BeautifulSoup error 'charmap' codec can't encode character

Question

This is the code I currently have

headers = {'User-Agent': 'Mozilla/5.0 (Windows NT 6.1; WOW64) AppleWebKit/537.36 (KHTML, like Gecko) Chrome/49.0.2623.87 Safari/537.36'}
r = requests.get("http://www.google.com", headers=headers)
page_text = r.text
soup = BeautifulSoup(page_text, 'html.parser')
print(soup.prettify())

In theory it should send a request to google, get the text back and use beautifulsoup's method of prettify()

Here's their example code (from http://www.crummy.com/software/BeautifulSoup/bs4/doc/#getting-help)

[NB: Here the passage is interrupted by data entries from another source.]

(* Let $f : M^* \to \mathbb{R}^3$ be a trivalent polyhedral surface with nonvanishing edge lengths, with the three face normals at every vertex linearly independent and adjacent faces satisfying $n_l \neq \pm n_r$. Then $f$ is a discrete minimal surface (i.e. $H_\phi = 0$ for every face $\phi \in F^*$) if and only if $f$ is a critical point of the area functional with respect to all face offsets of finite support, in the following sense: for every smooth family of height functions $h^t$ with $h^0 = h$ such that $\dot h = \frac{d}{dt}h^t|_{t=0}$ has finite support, with face normals $n$ kept fixed and $f^t$ the corresponding polyhedral surfaces, one has \[ \sum_{\phi \in F^*} \frac{d}{dt}\mathrm{Area}(f^t(\phi))\Big|_{t=0} = 0 \] (a sum with only finitely many nonzero terms).
   Context: Let $M=(V,E,F)$ be a cellular decomposition of an oriented surface without boundary (each face having finitely many edges, each vertex of finite degree), and $M^*=(V^*,E^*,F^* )$ its dual decomposition; faces of $M^*$ correspond bijectively to vertices of $M$. A polyhedral surface is a map $f : V^* \to \mathbb{R}^3$ such that the vertices of each face $\phi \in F^*$ are coplanar (faces may self-intersect). It is trivalent if every vertex of $M^*$ has degree 3. For each face $\phi$, $n_\phi \in \mathbb{S}^2$ is its unit normal (compatible with the orientation) and $h_\phi = \langle f_i, n_\phi\rangle$ for any vertex $i$ of $\phi$ is its height; the vertices of a trivalent surface are determined by $(n,h)$, vertex $i$ being the unique point with $\langle f_i,n_\phi\rangle = h_\phi$ for the three faces $\phi$ containing it. For an oriented edge from $i$ to $j$, the left face $l$ is the face whose positively oriented boundary traverses $i \to j$, and the right face $r$ is the other face containing the edge. The edge length is $\ell_{ij} = \|f_j - f_i\|$ and the dihedral angle $\alpha_{ij} \in (-\pi,\pi)$ is defined by $\cos\alpha_{ij} = \langle n_l, n_r\rangle$ and $\sin\alpha_{ij} = \langle n_l \times n_r, (f_j - f_i)/\|f_j-f_i\|\rangle$. The integrated mean curvature of a face is $H_\phi = \frac12\sum_{ij\in\partial\phi}\ell_{ij}\tan\frac{\alpha_{ij}}{2}$. The signed area of a face $\phi$ with boundary vertices $i_1,\dots,i_m$ in positive cyclic order is $\mathrm{Area}(f(\phi)) = \frac12\sum_{s=1}^m \langle f_{i_s}\times f_{i_{s+1}}, n_\phi\rangle$ (indices mod $m$). *)

theory Defs
  imports "HOL-Analysis.Analysis"
begin

text \<open>Combinatorial model of the dual decomposition M* of an oriented surface as a
combinatorial map on a set D of darts (oriented edges):
  e d   = the reversed dart,
  nx d  = the next dart along the positively oriented boundary of the left face of d,
  tv d  = the tail (initial) vertex of d,
  fc d  = the left face of d (the face whose positively oriented boundary traverses d).
The right face of d is fc (e d); the head of d is tv (e d).
The vertex rotation (outgoing darts around a vertex) is nx o e.\<close>

definition comb_map ::
  "'d set \<Rightarrow> ('d \<Rightarrow> 'd) \<Rightarrow> ('d \<Rightarrow> 'd) \<Rightarrow> ('d \<Rightarrow> 'v) \<Rightarrow> ('d \<Rightarrow> 'f) \<Rightarrow> bool" where
  "comb_map D e nx tv fc \<longleftrightarrow>
     countable D \<and>
     (\<forall>d\<in>D. e d \<in> D \<and> e (e d) = d \<and> e d \<noteq> d) \<and>
     bij_betw nx D D \<and>
     (\<forall>d\<in>D. tv (nx d) = tv (e d)) \<and>
     (\<forall>d\<in>D. \<exists>k>0. (nx ^^ k) d = d) \<and>
     (\<forall>d\<in>D. \<exists>k>0. ((nx \<circ> e) ^^ k) d = d) \<and>
     (\<forall>d\<in>D. \<forall>d'\<in>D. fc d = fc d' \<longleftrightarrow> (\<exists>k. (nx ^^ k) d = d')) \<and>
     (\<forall>d\<in>D. \<forall>d'\<in>D. tv d = tv d' \<longleftrightarrow> (\<exists>k. ((nx \<circ> e) ^^ k) d = d'))"

definition trivalent :: "'d set \<Rightarrow> ('d \<Rightarrow> 'd) \<Rightarrow> ('d \<Rightarrow> 'd) \<Rightarrow> bool" where
  "trivalent D e nx \<longleftrightarrow>
     (\<forall>d\<in>D. ((nx \<circ> e) ^^ 3) d = d \<and> (nx \<circ> e) d \<noteq> d)"

definition lin_indep3 :: "real^3 \<Rightarrow> real^3 \<Rightarrow> real^3 \<Rightarrow> bool" where
  "lin_indep3 u v w \<longleftrightarrow>
     (\<forall>a b c. a *\<^sub>R u + b *\<^sub>R v + c *\<^sub>R w = 0 \<longrightarrow> a = 0 \<and> b = 0 \<and> c = 0)"

definition edge_len :: "('d \<Rightarrow> 'd) \<Rightarrow> ('d \<Rightarrow> 'v) \<Rightarrow> ('v \<Rightarrow> real^3) \<Rightarrow> 'd \<Rightarrow> real" where
  "edge_len e tv p d = norm (p (tv (e d)) - p (tv d))"

definition dihedral ::
  "('d \<Rightarrow> 'd) \<Rightarrow> ('d \<Rightarrow> 'v) \<Rightarrow> ('d \<Rightarrow> 'f) \<Rightarrow> ('f \<Rightarrow> real^3) \<Rightarrow> ('v \<Rightarrow> real^3) \<Rightarrow> 'd \<Rightarrow> real" where
  "dihedral e tv fc n p d =
     (THE a. - pi < a \<and> a < pi \<and>
        cos a = n (fc d) \<bullet> n (fc (e d)) \<and>
        sin a = cross3 (n (fc d)) (n (fc (e d))) \<bullet>
                  ((p (tv (e d)) - p (tv d)) /\<^sub>R norm (p (tv (e d)) - p (tv d))))"

definition mean_curv ::
  "'d set \<Rightarrow> ('d \<Rightarrow> 'd) \<Rightarrow> ('d \<Rightarrow> 'v) \<Rightarrow> ('d \<Rightarrow> 'f) \<Rightarrow> ('f \<Rightarrow> real^3) \<Rightarrow> ('v \<Rightarrow> real^3) \<Rightarrow> 'f \<Rightarrow> real" where
  "mean_curv D e tv fc n p \<phi> =
     1/2 * (\<Sum>d\<in>{d\<in>D. fc d = \<phi>}. edge_len e tv p d * tan (dihedral e tv fc n p d / 2))"

definition face_area ::
  "'d set \<Rightarrow> ('d \<Rightarrow> 'd) \<Rightarrow> ('d \<Rightarrow> 'v) \<Rightarrow> ('d \<Rightarrow> 'f) \<Rightarrow> ('f \<Rightarrow> real^3) \<Rightarrow> ('v \<Rightarrow> real^3) \<Rightarrow> 'f \<Rightarrow> real" where
  "face_area D e tv fc n p \<phi> =
     1/2 * (\<Sum>d\<in>{d\<in>D. fc d = \<phi>}. cross3 (p (tv d)) (p (tv (e d))) \<bullet> n \<phi>)"

definition vert_of ::
  "'d set \<Rightarrow> ('d \<Rightarrow> 'v) \<Rightarrow> ('d \<Rightarrow> 'f) \<Rightarrow> ('f \<Rightarrow> real^3) \<Rightarrow> ('f \<Rightarrow> real) \<Rightarrow> 'v \<Rightarrow> real^3" where
  "vert_of D tv fc n h i = (THE x. \<forall>d\<in>D. tv d = i \<longrightarrow> x \<bullet> n (fc d) = h (fc d))"

definition smooth_fun :: "(real \<Rightarrow> real) \<Rightarrow> bool" where
  "smooth_fun g \<longleftrightarrow>
     (\<exists>Dg :: nat \<Rightarrow> real \<Rightarrow> real. Dg 0 = g \<and>
        (\<forall>k t. (Dg k has_real_derivative Dg (Suc k) t) (at t)))"

end

theory Submission imports Defs begin

unbundle cross3_syntax

text \<open>With the normals fixed, every vertex is the solution of three linear equations
\<open>\<langle>x, n\<^sub>\<phi>\<rangle> = h\<^sub>\<phi>\<close>, so by Cramer's rule a variation \<open>h'\<close> of the heights moves each vertex
linearly. Differentiating the signed area of a face and telescoping around its boundary,
an edge \<open>ij\<close> of the face contributes \<open>\<lambda>\<^sub>i\<^sub>j (h'\<^sub>r - cos \<alpha>\<^sub>i\<^sub>j h'\<^sub>l)\<close>, where
\<open>f\<^sub>j - f\<^sub>i = \<lambda>\<^sub>i\<^sub>j n\<^sub>l \<times> n\<^sub>r\<close>. Summing over all faces pairs each edge with its reverse,
and since \<open>\<lambda>\<^sub>i\<^sub>j (1 - cos \<alpha>\<^sub>i\<^sub>j) = \<ell>\<^sub>i\<^sub>j tan (\<alpha>\<^sub>i\<^sub>j/2)\<close> this yields the first variation formula
\<open>\<Sum>\<^sub>\<phi> A'\<^sub>\<phi> = 2 \<Sum>\<^sub>\<phi> h'\<^sub>\<phi> H\<^sub>\<phi>\<close>. Minimal surfaces are therefore critical, and conversely
varying the height of a single face shows \<open>H\<^sub>\<phi> = 0\<close>.\<close>

lemma triple_product_expand_dual:
  fixes N1 N2 N3 x :: "real^3"
  shows "(N1 \<bullet> N2 \<times> N3) *\<^sub>R x = (x \<bullet> N1) *\<^sub>R (N2 \<times> N3) + (x \<bullet> N2) *\<^sub>R (N3 \<times> N1) + (x \<bullet> N3) *\<^sub>R (N1 \<times> N2)"
  by (simp add: cross3_simps forall_3)

lemma triple_product_expand:
  fixes N1 N2 N3 y :: "real^3"
  shows "(N1 \<bullet> N2 \<times> N3) *\<^sub>R y = (y \<bullet> N2 \<times> N3) *\<^sub>R N1 + (y \<bullet> N3 \<times> N1) *\<^sub>R N2 + (y \<bullet> N1 \<times> N2) *\<^sub>R N3"
  by (simp add: cross3_simps forall_3)

lemma triple_product_cyclic:
  fixes N1 N2 N3 :: "real^3"
  shows "N2 \<bullet> N3 \<times> N1 = N1 \<bullet> N2 \<times> N3" "N3 \<bullet> N1 \<times> N2 = N1 \<bullet> N2 \<times> N3"
  by (simp_all add: cross3_simps)

lemma cross_cross_eq:
  fixes x p q :: "real^3"
  shows "x \<times> (p \<times> q) = (x \<bullet> q) *\<^sub>R p - (x \<bullet> p) *\<^sub>R q"
  by (simp add: cross3_simps forall_3)

lemma cross_add_inner_telescoping:
  fixes a b A B m :: "real^3"
  shows "(a \<times> B + A \<times> b) \<bullet> m = (A + B) \<bullet> (b - a) \<times> m - (B \<bullet> b \<times> m - A \<bullet> a \<times> m)"
  by (simp add: cross3_simps forall_3)
text \<open>Ties are resolved strictly:
  s is among the k nearest iff at most k labeled vertices (s included) are at distance
  no larger than d_G(s,v). Without ties this is exactly the set of the k nearest.\<close>
definition NLV :: "'a set \<Rightarrow> ('a \<times> 'a) set \<Rightarrow> ('a \<Rightarrow> 'a \<Rightarrow> real) \<Rightarrow> 'a set \<Rightarrow> 'a \<Rightarrow> nat \<Rightarrow> 'a set" where
  "NLV V E w L v k =
     {s \<in> L. card {s' \<in> L. sp_dist V E w s' v \<le> sp_dist V E w s v} \<le> k}"

text \<open>State of Algorithm 1: priority queue Q (partial map from pairs (seed,v) to priorities),
  the lists kNN[v], and the sets S_v.\<close>
record 'a kstate =
  Qu :: "('a \<times> 'a) \<Rightarrow> real option"
  kNN :: "'a \<Rightarrow> (real \<times> 'a) list"
  Sv :: "'a \<Rightarrow> 'a set"

definition init_state :: "'a set \<Rightarrow> 'a kstate" where
  "init_state L = \<lparr>Qu = (\<lambda>(s, v). if s \<in> L \<and> v = s then Some 0 else None),
                   kNN = (\<lambda>_. []), Sv = (\<lambda>_. {})\<rparr>"

definition can_pop :: "'a kstate \<Rightarrow> real \<Rightarrow> 'a \<Rightarrow> 'a \<Rightarrow> bool" where
  "can_pop st d seed v0 \<longleftrightarrow> Qu st (seed, v0) = Some d \<and>
     (\<forall>p d'. Qu st p = Some d' \<longrightarrow> d \<le> d')"
(* Write $\cdot|_0$ for substitution $f_1'=0$. For every polynomial $\mathcal P$ in ten variables there exist polynomials $\mathcal P_0,\mathcal Q_0,\mathcal R_0,\mathcal S_0,\mathcal T_0,\mathcal U_0,\mathcal V_0$ in four variables such that, identically in the jet variables, $$\mathcal P(\Lambda^3|_0,\Lambda^5_1|_0,\Lambda^7_{1,1}|_0,M^8|_0,\Lambda^9_{1,1,1}|_0,M^{10}_1|_0,N^{12}|_0,K^{12}_{1,1}|_0,H^{14}_1|_0,F^{16}_{1,1}|_0)$$ $$=\mathcal P_0(\Lambda^3,\Lambda^5_1,M^8,N^{12})|_0+\Lambda^7_{1,1}\mathcal Q_0(\Lambda^5_1,\Lambda^7_{1,1},M^8,N^{12})|_0+\Lambda^9_{1,1,1}\mathcal R_0(\Lambda^7_{1,1},M^8,\Lambda^9_{1,1,1},N^{12})|_0+M^{10}_1\mathcal S_0(M^8,\Lambda^9_{1,1,1},M^{10}_1,N^{12})|_0$$ $$+K^{12}_{1,1}\mathcal T_0(\Lambda^9_{1,1,1},M^{10}_1,N^{12},K^{12}_{1,1})|_0+H^{14}_1\mathcal U_0(\Lambda^9_{1,1,1},N^{12},K^{12}_{1,1},H^{14}_1)|_0+F^{16}_{1,1}\mathcal V_0(\Lambda^9_{1,1,1},K^{12}_{1,1},H^{14}_1,F^{16}_{1,1})|_0 .$$ Moreover this representation is unique: if the right-hand side vanishes identically in $\mathbb C[f_2',f_1'',f_2'',\dots,f_1^{(5)},f_2^{(5)}]$, then $\mathcal P_0,\mathcal Q_0,\mathcal R_0,\mathcal S_0,\mathcal T_0,\mathcal U_0,\mathcal V_0$ are all identically zero.
   Context: $f_i^{(\lambda)}$ ($i\in\{1,2\}$, $\lambda\ge1$) are independent indeterminates; $D=\sum_{i,\lambda}f_i^{(\lambda+1)}\partial/\partial f_i^{(\lambda)}$; $\Delta^{\alpha,\beta}:=f_1^{(\alpha)}f_2^{(\beta)}-f_1^{(\beta)}f_2^{(\alpha)}$; for $P,Q$ of weights $m,n$, $[P,Q]:=n\,DP\cdot Q-m\,P\cdot DQ$ (superscripts below are weights, $f_1'$ has weight 1). $\Lambda^3:=\Delta^{1,2}$; $\Lambda^5_1:=\Delta^{1,3}f_1'-3\Delta^{1,2}f_1''$; $\Lambda^7_{1,1}:=(\Delta^{1,4}+4\Delta^{2,3})(f_1')^2-10\Delta^{1,3}f_1'f_1''+15\Delta^{1,2}(f_1'')^2$; $M^8:=3\Delta^{1,4}\Delta^{1,2}+12\Delta^{2,3}\Delta^{1,2}-5(\Delta^{1,3})^2$; $\Lambda^9_{1,1,1}:=[\Lambda^7_{1,1},f_1']$; $M^{10}_1:=[M^8,f_1']$; $N^{12}:=[M^8,\Lambda^3]$; $K^{12}_{1,1}:=[\Lambda^7_{1,1},\Lambda^5_1]/f_1'$ (this bracket is divisible by $f_1'$); $H^{14}_1:=[M^8,\Lambda^5_1]$; $F^{16}_{1,1}:=[M^8,\Lambda^7_{1,1}]$. *)

theory Defs
  imports Complex_Main "HOL-Library.Poly_Mapping"
begin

from bs4 import BeautifulSoup
soup = BeautifulSoup(html_doc, 'html.parser')

print(soup.prettify())

Everytime I run this code I get the codec error. Here's a screenshot of the exact error

FOUND A SOLUTION

The solution is instead of using print() to use this print method from a stack exchange member.

def uprint(*objects, sep=' ', end='\n', file=sys.stdout):
    enc = file.encoding
    if enc == 'UTF-8':
        print(*objects, sep=sep, end=end, file=file)
    else:
        f = lambda obj: str(obj).encode(enc, errors='backslashreplace').decode(enc)
        print(*map(f, objects), sep=sep, end=end, file=file)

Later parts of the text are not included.